Их путь – это соединение библейского пафоса с упорной фиксацией всякого рода непристойностей венской жизни, так они осваивают феномены. Им не удается сделать мир свидетелем плохого поведения кельнера, подающего счет, они должны извлекать из могил мертвых. С полным на то правом. Потому что ничтожное и настырное содержимое этих каналов, посвященных скандалам в венских кафе, прессе и светском обществе, – это лишь малозаметная демонстрация сверхосведомленности, которая затем вдруг, прежде чем кто-нибудь успел это заметить, ушла к своему исконному, раннему предмету, чтобы два месяца спустя после начала войны обозначить его наконец по имени в той самой речи «В это великое время», чтобы ввести всех демонов, населявших этого бесноватого, в стадо свиней его современников.

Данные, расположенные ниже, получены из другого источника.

lemma ex_functional_separating_directions:
  fixes f :: "'a::real_vector \<Rightarrow> real"
  assumes "finite X" "linear f" "\<forall>x\<in>X. f x \<noteq> 0"
  obtains p :: "'a \<Rightarrow> real"
  where "linear p" "\<forall>x\<in>X. \<forall>y\<in>X. p x / f x = p y / f y \<longleftrightarrow> y \<in> span {x}"
proof -
  define d where "d x y = (1 / f x) *\<^sub>R x - (1 / f y) *\<^sub>R y" for x y
  have "finite ((\<lambda>(x, y). d x y) ` (X \<times> X) - {0})" and "((\<lambda>(x, y). d x y) ` (X \<times> X) - {0}) \<inter> span {} = {}"
    using assms(1) by auto
  then obtain p :: "'a \<Rightarrow> real" where p: "linear p" "\<forall>z\<in>(\<lambda>(x, y). d x y) ` (X \<times> X) - {0}. p z \<noteq> 0"
    by (rule ex_functional_nonvanishing_on_finite)
  show thesis
  proof (rule that[OF p(1)], intro ballI)
    fix x y assume xy: "x \<in> X" "y \<in> X"
    have "p (d x y) = p x / f x - p y / f y"
      unfolding d_def by (simp add: linear_diff[OF p(1)] linear_scale[OF p(1)])
    show "p x / f x = p y / f y \<longleftrightarrow> y \<in> span {x}"
    proof
      assume "p x / f x = p y / f y"
      then have "d x y = 0"
        using p(2) xy \<open>p (d x y) = _\<close> by force
      have "y = f y *\<^sub>R ((1 / f y) *\<^sub>R y)"
        using assms(3) xy by simp
      also have "\<dots> = f y *\<^sub>R ((1 / f x) *\<^sub>R x)"
        using \<open>d x y = 0\<close> by (simp add: d_def)
      finally show "y \<in> span {x}"
        by (metis span_base span_scale singletonI)
    next
      assume "y \<in> span {x}"
      then obtain a where a: "y = a *\<^sub>R x"
        by (auto simp: span_singleton)
      then have "f y = a * f x" "p y = a * p x"
        using linear_scale[OF assms(2)] linear_scale[OF p(1)] by auto
      moreover have "a \<noteq> 0"
        using \<open>f y = a * f x\<close> assms(3) xy by auto
      ultimately show "p x / f x = p y / f y"
        by simp
    qed
  qed
qed

lemma signed_sum_le_sweep:
  assumes "finite K" "\<forall>i\<in>K. f (v i) \<noteq> 0 \<and> p (v i) / f (v i) \<noteq> c"
    and "(\<Sum>i\<in>{i\<in>K. p (v i) / f (v i) < c}. int_sgn (f (v i))) \<le> 0"
  shows "signed_sum K v f \<le> signed_sum K v (\<lambda>x. p x - c * f x)"
proof -
  let ?below = "\<lambda>i. p (v i) / f (v i) < c"
  have "int_sgn (p (v i) - c * f (v i)) = int_sgn (f (v i)) - 2 * (if ?below i then int_sgn (f (v i)) else 0)"
    if "i \<in> K" for i
  proof -
    have "p (v i) - c * f (v i) = f (v i) * (p (v i) / f (v i) - c)"
      using assms(2) that by (simp add: field_simps)
    moreover have "p (v i) / f (v i) \<noteq> c"
      using assms(2) that by blast
    then have "int_sgn (p (v i) / f (v i) - c) = (if ?below i then - 1 else 1)"
      by (auto simp: int_sgn_def)
    ultimately show ?thesis
      by (simp add: int_sgn_mult)
  qed
  then have "signed_sum K v (\<lambda>x. p x - c * f x) =
      signed_sum K v f - 2 * (\<Sum>i\<in>{i\<in>K. ?below i}. int_sgn (f (v i)))"
    using assms(1) by (simp add: signed_sum_def sum_subtractf sum_distrib_left sum.inter_filter)
  then show ?thesis
    using assms(3) by linarith
qed

lemma DD_le_signed_sum_plus_DD_quot:
  fixes v :: "'i \<Rightarrow> 'a::real_vector"
  assumes fin: "finite I" and "J \<subseteq> I" and f: "linear f" "signed_sum I v f = DD I v"
    and p: "linear p" "\<forall>x\<in>span (v ` J). p x = c * f x"
    and "\<forall>i\<in>I - J. f (v i) \<noteq> 0 \<and> p (v i) / f (v i) \<noteq> c"
    and "(\<Sum>i\<in>{i\<in>I - J. p (v i) / f (v i) < c}. int_sgn (f (v i))) \<le> 0"
  shows "DD I v \<le> signed_sum J v f + DD_quot I v J"
proof -
  have h: "linear (\<lambda>x. p x - c * f x)"
    using linear_compose_sub[OF p(1) linear_compose_scale_right[OF f(1)]] by simp
  have "signed_sum (I - J) v f \<le> signed_sum (I - J) v (\<lambda>x. p x - c * f x)"
    using fin assms(7,8) by (intro signed_sum_le_sweep) auto
  also have "\<dots> \<le> DD_quot I v J"
    using p(2) by (intro signed_sum_le_DD_quot[OF fin h]) simp
  finally show ?thesis
    using signed_sum_split[OF fin \<open>J \<subseteq> I\<close>, of v f] f(2) by linarith
qed

lemma signed_sum_nonzero_vectors:
  "finite K \<Longrightarrow> linear f \<Longrightarrow> signed_sum K v f = signed_sum {i\<in>K. v i \<noteq> 0} v f"
  unfolding signed_sum_def by (rule sum.mono_neutral_right) (auto simp: linear_0)

lemma span_image_line:
  assumes "w \<in> v ` I"
  shows "span (v ` {i\<in>I. v i \<in> span {w}}) = span {w}"
proof
  show "span (v ` {i\<in>I. v i \<in> span {w}}) \<subseteq> span {w}"
    by (rule span_minimal) (auto simp: subspace_span)
  show "span {w} \<subseteq> span (v ` {i\<in>I. v i \<in> span {w}})"
    using assms by (intro span_mono) (auto simp: span_base)
qed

«В это великое время, которое я еще застал и видел, каким оно было ничтожным; и оно снова станет ничтожным, если хватит времени; поэтому лучше назовем его раздувшимся и уж наверняка тяжелым временем; в это самое время, когда произошло именно то, чего нельзя было себе представить, а если бы можно было, то этого бы не произошло; в это серьезное время, которое смеялось до упаду от мысли, что оно может стать серьезным; пораженное своей трагичностью, оно ищет возможности рассеяться и, поймав себя на месте преступления, ищет слов; в это громкое время, которое гремит кошмарной симфонией дел, порождающих сообщения, и сообщений, становящихся виновниками дел: в это, но тут больше не ждите от меня ни слова. Ни одного, кроме того, что молчание избавит от неверных толкований. Слишком глубоко во мне засело почтение к неизменности языка, субординации его по отношению к несчастью. В империях бедности фантазии, где люди умирают от духовной нищеты, вообще ее не чувствуя, где перья обмакивают в кровь, а мечи в чернила, то, о чем думают, должно быть сделано, но то, о чем только думают, – непроизносимо.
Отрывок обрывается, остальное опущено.